The Italian Government continues to urge consultation between our two governments to remove existing “frictions” between the Italian State Petroleum Agency (ENI), which is controlled by Enrico Mattei, and the major U.S. international oil companies.
2.
The United States is concerned by Mattei because of his influence on certain aspects of Italian foreign policy. His operations, both inside and outside Italy, have tended to foster nationalistic ideas and unilateral action by Italy in the Middle East, North Africa and Latin America. These operations are now one of the points of departure for Italy’s claims of “special interest” and “special competence” in that area. Financial or other difficulties arising from these actions will inevitably involve the Government of Italy.
3.
Mattei has achieved a position of strong political influence in Italy from his control of a number of deputies, influence on the press, access to government funds through ENI, a close personal relationship with President Gronchi and considerable public support. It is doubtful whether at this stage, any organ of the Italian Government could exercise effective control over Mattei’s activities, either domestic or foreign.
4.
The “friction” with U.S. companies has been a result of Mattei’s political power in Italy. His political influence led to the exclusion of U.S. and other foreign companies from participation in oil exploration and development on the Italian mainland. Similarly his government [Page 500] supported foreign operations have threatened long-standing relationships between certain governments and foreign companies. Should relationships between U.S. companies and foreign governments deteriorate as a result of these operations, it would be virtually impossible to avoid the involvement of the U.S. Government in consequent disputes.
5.
The approaches of the Italian Government have consisted of requests for U.S. Government intervention with U.S. companies to admit ENI to partnership in their foreign operations. Failure to do so, in the eyes of the Government of Italy, would result in continued unilateral action by Mattei to the detriment of Italian-American relations. Also, it is apparent that as a means of enhancing its economic and political importance, Italy would be interested in increasing its participation in the international oil field.
b.
Status of U.S. Action on Italy’s Oil Aspirations and the Role of Mattei. 2
1.
The United States has advised the Italians that we do not intervene in normal commercial operations of private American companies and has indicated that problems between Mattei and the U.S. companies should be amenable to direct commercial settlement.
2.
However, we must bear in mind that the Italian Government, either through a man such as Mattei or otherwise, will continue to bring pressure and take steps to acquire some participation in the oil resources of the Mediterranean area and the Middle East in order to meet its pressing requirements, which now constitute a net burden on the trade balance of approximately $285 million a year. It will continue to consider that its economic requirements and its position in the Mediterranean justify it in taking such action.
3.
In view of the foregoing, it would seem desirable to explore the situation with a view to determining whether it might be in the interest of the U.S. to seek a degree of accommodation with the Italian desire for an assured supply of petroleum, taking into account the possible effects of any such action on the internal Italian political situation and Italian foreign policy. In exploring the situation, however, we should be mindful of the strength of the Italian Communist Party, which uses economic arguments to promote its own ends, and of the fact that Italy’s oil operations provide the Communists with a naturally popular program.
10.
Civil Aviation
a.
Background. The Italian Government considers the U.S.-Italian 1948 Civil Aviation Bilateral imbalanced in favor of the United States, in that the broad terms of the Route Annex allow U.S. carriers to operate to and through Italy with few restrictions while the Italian carrier is severely limited as to traffic points in the United States.
b.
Status of U.S. Action on Civil Aviation. The United States has recently entered upon formal consultations with the Italian Government regarding the Italian desire for an amended Route Annex and other civil aviation problems. It is anticipated that the United States will be in a position to offer certain concessions to the Italians in order to arrive at a mutually satisfactory agreement.
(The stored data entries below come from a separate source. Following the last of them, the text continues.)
lemma is_equil_sext: "is_equil lam b s \<Longrightarrow> 0 < j \<Longrightarrow> sext b s j = s j"
  unfolding sext_def is_equil_def by auto

lemma is_equil_eq_orbit:
  assumes E: "is_equil lam b s" and j: "j \<le> b"
  shows "sext b s j = equil_orbit lam (s b) j"
  using j
proof (induction j)
  case 0
  then show ?case by (simp add: sext_def)
next
  case (Suc j)
  let ?f = "\<lambda>k. lam * (sext b s k)\<^sup>2 - sext b s (Suc k)"
  have "?f j - ?f b = (\<Sum>k = Suc j..b. mf lam b s k)"
    using Suc.prems by (intro sum_telescope_backward[where f = ?f]) (auto simp: mf_def algebra_simps)
  also have "\<dots> = 0" using E Suc.prems unfolding is_equil_def by (intro sum.neutral) auto
  finally have "sext b s (Suc j) = lam * ((sext b s j)\<^sup>2 - (s b)\<^sup>2)"
    using Suc.prems by (simp add: sext_def algebra_simps)
  with Suc show ?case by simp
qed

lemma is_equil_antimono:
  assumes E: "is_equil lam b s" and "1 \<le> i" "i \<le> j" "j \<le> b"
  shows "s j \<le> s i"
  using assms(3,4)
proof (induction j rule: dec_induct)
  case base
  then show ?case by simp
next
  case (step n)
  then have "s (Suc n) \<le> s n" using E assms(2) unfolding is_equil_def by auto
  with step show ?case by simp
qed

lemma is_equil_range:
  assumes E: "is_equil lam b s"
  shows "0 \<le> s j \<and> s j \<le> 1"
proof (cases "j \<in> {1..b}")
  case True
  then have "s b \<le> s j" "s j \<le> s 1" using is_equil_antimono[OF E] by auto
  moreover have "0 \<le> s b" "s 1 \<le> 1" using E unfolding is_equil_def by auto
  ultimately show ?thesis by simp
next
  case False
  then show ?thesis using E unfolding is_equil_def by auto
qed

lemma is_equil_unique:
  assumes lam: "0 < lam" and b: "1 \<le> b" and E: "is_equil lam b s" "is_equil lam b t"
  shows "s = t"
proof -
  have orbit: "equil_orbit lam (u b) j = u j" if "is_equil lam b u" "1 \<le> j" "j \<le> b" for u j
    using is_equil_eq_orbit[OF that(1,3)] is_equil_sext[OF that(1)] that(2) by simp
  have not_less: "\<not> u b < v b" if U: "is_equil lam b u" and V: "is_equil lam b v" for u v
  proof
    assume less: "u b < v b"
    have "equil_orbit lam (v b) b < equil_orbit lam (u b) b"
      using lam b less is_equil_range[OF U] is_equil_range[OF V] orbit[OF V]
      by (intro equil_orbit_strict_antimono) auto
    with less show False using orbit[OF U] orbit[OF V] b by simp
  qed
  have "s b = t b" using not_less[OF E] not_less[OF E(2,1)] by linarith
  show ?thesis
  proof
    fix j
    show "s j = t j"
    proof (cases "j \<in> {1..b}")
      case True
      then have "equil_orbit lam (s b) j = s j" "equil_orbit lam (t b) j = t j"
        using orbit E by auto
      with \<open>s b = t b\<close> show ?thesis by metis
    next
      case False
      then show ?thesis using E unfolding is_equil_def by simp
    qed
  qed
qed
lemma sum_mult_elem_sym_on_remove:
  "finite A \<Longrightarrow> (\<Sum>i\<in>A. x i * elem_sym_on (A - {i}) j x) = real (Suc j) * elem_sym_on A (Suc j) x"
proof (induction A arbitrary: j rule: finite_induct)
  case empty
  then show ?case by (simp add: elem_sym_on_def)
next
  case (insert a A)
  show ?case
  proof (cases j)
    case 0
    with insert.hyps show ?thesis by (simp add: elem_sym_on_0 elem_sym_on_1)
  next
    case (Suc p)
    have "insert a A - {i} = insert a (A - {i})" if "i \<in> A" for i
      using that insert.hyps by auto
    then have "(\<Sum>i\<in>A. x i * elem_sym_on (insert a A - {i}) j x)
        = (\<Sum>i\<in>A. x i * elem_sym_on (A - {i}) j x) + x a * (\<Sum>i\<in>A. x i * elem_sym_on (A - {i}) p x)"
      using insert.hyps Suc
      by (simp add: elem_sym_on_insert sum.distrib sum_distrib_left algebra_simps)
    with insert Suc show ?thesis
      by (simp add: elem_sym_on_insert algebra_simps)
  qed
qed

lemma elem_sym_on_remove_diff:
  assumes "finite A" "i \<in> A" "l \<in> A" "i \<noteq> l"
  shows "elem_sym_on (A - {i}) (Suc p) x - elem_sym_on (A - {l}) (Suc p) x
    = (x l - x i) * elem_sym_on (A - {i, l}) p x"
proof -
  have "A - {i} - {l} = A - {i, l}" "A - {l} - {i} = A - {i, l}" by auto
  then show ?thesis
    using elem_sym_on_remove[of "A - {i}" l p x] elem_sym_on_remove[of "A - {l}" i p x] assms
    by (simp add: algebra_simps)
qed


definition elem_sym_defect :: "'a set \<Rightarrow> nat \<Rightarrow> ('a \<Rightarrow> real) \<Rightarrow> real" where
  "elem_sym_defect A j x = (\<Sum>i\<in>A. \<Sum>l\<in>A. x i * x l * (x i - x l) *
     (elem_sym_on (A - {i}) j x - elem_sym_on (A - {l}) j x))"

lemma elem_sym_defect_Suc:
  assumes "finite A"
  shows "elem_sym_defect A (Suc p) x
    = - (\<Sum>i\<in>A. \<Sum>l\<in>A. x i * x l * (x i - x l)^2 * elem_sym_on (A - {i, l}) p x)"
proof -
  have "x i * x l * (x i - x l) * (elem_sym_on (A - {i}) (Suc p) x - elem_sym_on (A - {l}) (Suc p) x)
      = - (x i * x l * (x i - x l)^2 * elem_sym_on (A - {i, l}) p x)" if "i \<in> A" "l \<in> A" for i l
  proof (cases "i = l")
    case False
    show ?thesis
      unfolding elem_sym_on_remove_diff[OF assms that False] by (simp add: power2_eq_square algebra_simps)
  qed simp
  then show ?thesis
    unfolding elem_sym_defect_def by (simp add: sum_negf)
qed

lemma elem_sym_defect_nonpos:
  assumes "finite A" "\<And>i. i \<in> A \<Longrightarrow> x i \<ge> 0"
  shows "elem_sym_defect A j x \<le> 0"
proof (cases j)
  case 0
  with assms show ?thesis by (simp add: elem_sym_defect_def elem_sym_on_0)
next
  case (Suc p)
  with assms show ?thesis
    by (auto simp: elem_sym_defect_Suc intro!: sum_nonneg mult_nonneg_nonneg elem_sym_on_nonneg)
qed

lemma elem_sym_defect_1_neg:
  assumes "finite A" "\<And>i. i \<in> A \<Longrightarrow> x i \<ge> 0"
    and "a \<in> A" "b \<in> A" "x a \<noteq> 0" "x b \<noteq> 0" "x a \<noteq> x b"
  shows "elem_sym_defect A (Suc 0) x < 0"
proof -
  let ?t = "\<lambda>i l. x i * x l * (x i - x l)^2"
  have t_nonneg: "?t i l \<ge> 0" if "i \<in> A" "l \<in> A" for i l
    using assms(2) that by simp
  have "x a > 0" "x b > 0"
    using assms(2)[of a] assms(2)[of b] assms(3-6) by auto
  then have "?t a b > 0"
    using assms(7) by simp
  also have "?t a b \<le> (\<Sum>l\<in>A. ?t a l)"
    using assms t_nonneg by (intro member_le_sum) auto
  also have "\<dots> \<le> (\<Sum>i\<in>A. \<Sum>l\<in>A. ?t i l)"
    using assms t_nonneg by (intro member_le_sum[where f = "\<lambda>i. \<Sum>l\<in>A. ?t i l"] sum_nonneg) auto
  finally show ?thesis
    using assms(1) by (simp add: elem_sym_defect_Suc elem_sym_on_0)
qed


lemma sum_sum_mult_diff_mult_diff:
  fixes x E :: "'a \<Rightarrow> 'b :: comm_ring_1"
  shows "(\<Sum>i\<in>A. \<Sum>l\<in>A. x i * x l * (x i - x l) * (E i - E l))
    = 2 * (\<Sum>i\<in>A. (x i)^2 * E i) * sum x A - 2 * (\<Sum>i\<in>A. (x i)^2) * (\<Sum>i\<in>A. x i * E i)"
proof -
  have expand: "x i * x l * (x i - x l) * (E i - E l) =
     ((x i)^2 * E i) * x l - (x i)^2 * (x l * E l) - (x i * E i) * (x l)^2 + x i * ((x l)^2 * E l)"
    for i l by (simp add: power2_eq_square algebra_simps)
  have "(\<Sum>i\<in>A. \<Sum>l\<in>A. x i * x l * (x i - x l) * (E i - E l))
    = (\<Sum>i\<in>A. \<Sum>l\<in>A. ((x i)^2 * E i) * x l) - (\<Sum>i\<in>A. \<Sum>l\<in>A. (x i)^2 * (x l * E l))
      - (\<Sum>i\<in>A. \<Sum>l\<in>A. (x i * E i) * (x l)^2) + (\<Sum>i\<in>A. \<Sum>l\<in>A. x i * ((x l)^2 * E l))"
    by (simp only: expand sum.distrib sum_subtractf)
  also have "\<dots> = (\<Sum>i\<in>A. (x i)^2 * E i) * sum x A - (\<Sum>i\<in>A. (x i)^2) * (\<Sum>i\<in>A. x i * E i)
      - (\<Sum>i\<in>A. x i * E i) * (\<Sum>i\<in>A. (x i)^2) + sum x A * (\<Sum>i\<in>A. (x i)^2 * E i)"
    by (simp only: sum_product)
  finally show ?thesis by (simp add: algebra_simps)
qed

lemma elem_sym_on_Suc_Suc:
  assumes "finite A" "sum x A = 1"
  shows "real (Suc (Suc j)) * elem_sym_on A (Suc (Suc j)) x
    = (1 - real (Suc j) * (\<Sum>i\<in>A. (x i)^2)) * elem_sym_on A (Suc j) x - elem_sym_defect A j x / 2"
proof -
  let ?e = "\<lambda>j. elem_sym_on A j x" and ?E = "\<lambda>i. elem_sym_on (A - {i}) j x"
  let ?q = "\<Sum>i\<in>A. (x i)^2"
  have defect: "elem_sym_defect A j x = 2 * (\<Sum>i\<in>A. (x i)^2 * ?E i) - 2 * ?q * (\<Sum>i\<in>A. x i * ?E i)"
    unfolding elem_sym_defect_def sum_sum_mult_diff_mult_diff assms(2) by simp
  have "real (Suc (Suc j)) * ?e (Suc (Suc j)) = (\<Sum>i\<in>A. x i * elem_sym_on (A - {i}) (Suc j) x)"
    using sum_mult_elem_sym_on_remove[OF assms(1)] by simp
  also have "\<dots> = (\<Sum>i\<in>A. x i * ?e (Suc j) - (x i)^2 * ?E i)"
    using elem_sym_on_remove[OF assms(1)]
    by (intro sum.cong refl) (simp add: power2_eq_square algebra_simps)
  also have "\<dots> = ?e (Suc j) - (\<Sum>i\<in>A. (x i)^2 * ?E i)"
    using assms(2) by (simp add: sum_subtractf flip: sum_distrib_right)
  also have "\<dots> = ?e (Suc j) - ?q * (\<Sum>i\<in>A. x i * ?E i) - elem_sym_defect A j x / 2"
    unfolding defect by (simp add: field_simps)
  also have "\<dots> = (1 - real (Suc j) * ?q) * ?e (Suc j) - elem_sym_defect A j x / 2"
    using sum_mult_elem_sym_on_remove[OF assms(1)] by (simp add: algebra_simps)
  finally show ?thesis .
qed


context
  fixes A :: "'a set" and x :: "'a \<Rightarrow> real"
  assumes finite: "finite A" and nonneg: "\<And>i. i \<in> A \<Longrightarrow> x i \<ge> 0" and sum_1: "sum x A = 1"
begin

lemma elem_sym_on_Suc_ge:
  "(1 - real m * (\<Sum>i\<in>A. (x i)^2)) * elem_sym_on A m x \<le> real (Suc m) * elem_sym_on A (Suc m) x"
proof (cases m)
  case 0
  then show ?thesis using finite sum_1 by (simp add: elem_sym_on_0 elem_sym_on_1)
next
  case (Suc j)
  then show ?thesis
    using elem_sym_on_Suc_Suc[OF finite sum_1, where j = j] elem_sym_defect_nonpos[OF finite nonneg, where j = j]
    by simp
qed

lemma elem_sym_on_3_gt:
  assumes "a \<in> A" "b \<in> A" "x a \<noteq> 0" "x b \<noteq> 0" "x a \<noteq> x b"
  shows "(1 - 2 * (\<Sum>i\<in>A. (x i)^2)) * elem_sym_on A 2 x < 3 * elem_sym_on A 3 x"
  using elem_sym_on_Suc_Suc[OF finite sum_1, where j = 1] elem_sym_defect_1_neg[OF finite nonneg assms]
  by (simp add: numeral_eq_Suc)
Note: See latest National Intelligence Estimate, NIE 24–58, dated November 4, 1958, entitled “The Political Outlook in Italy”.3

  1. Source: Department of State, OCB Files: Lot 61 D 385, Italy 1958–60. Secret. Annex A entitled “Additional Major Developments,” a Financial Annex, a Pipeline Analysis, and Annex B entitled “Uncoordinated and Informal Background Paper Submitted by CIA Entitled ‘Sino-Soviet Bloc Activities in Italy’ dated December 8, 1958,” are not printed. In a memorandum dated January 15, attached to the source text, Bromley Smith, Executive Officer of the OCB, stated that this document was concurred in by the Board on December 10. Minutes of the December 10 meeting are ibid.: Lot 62 D 430.
  2. Foreign Relations, 1952–1954, vol. VI, Part 2, pp. 16771681. For the OCB report covering the period September 4, 1957 to April 30, 1958, see Document 209.
  3. In a memorandum dated January 13, attached to the source text, Roy Melbourne of the OCB staff submitted alternate State-CIA and Treasury proposals for the revision of this paragraph for consideration at the January 14 meeting of the Board. Although the item was on the agenda of the January 14 meeting, the OCB minutes of that and subsequent dates indicate the matter was not taken up. The minutes of the January 14 meeting are in Department of State, OCB Files: Lot 62 D 430. Other documentation relating to the alternate proposals is ibid., OCB Luncheon Items.
  4. See Document 227.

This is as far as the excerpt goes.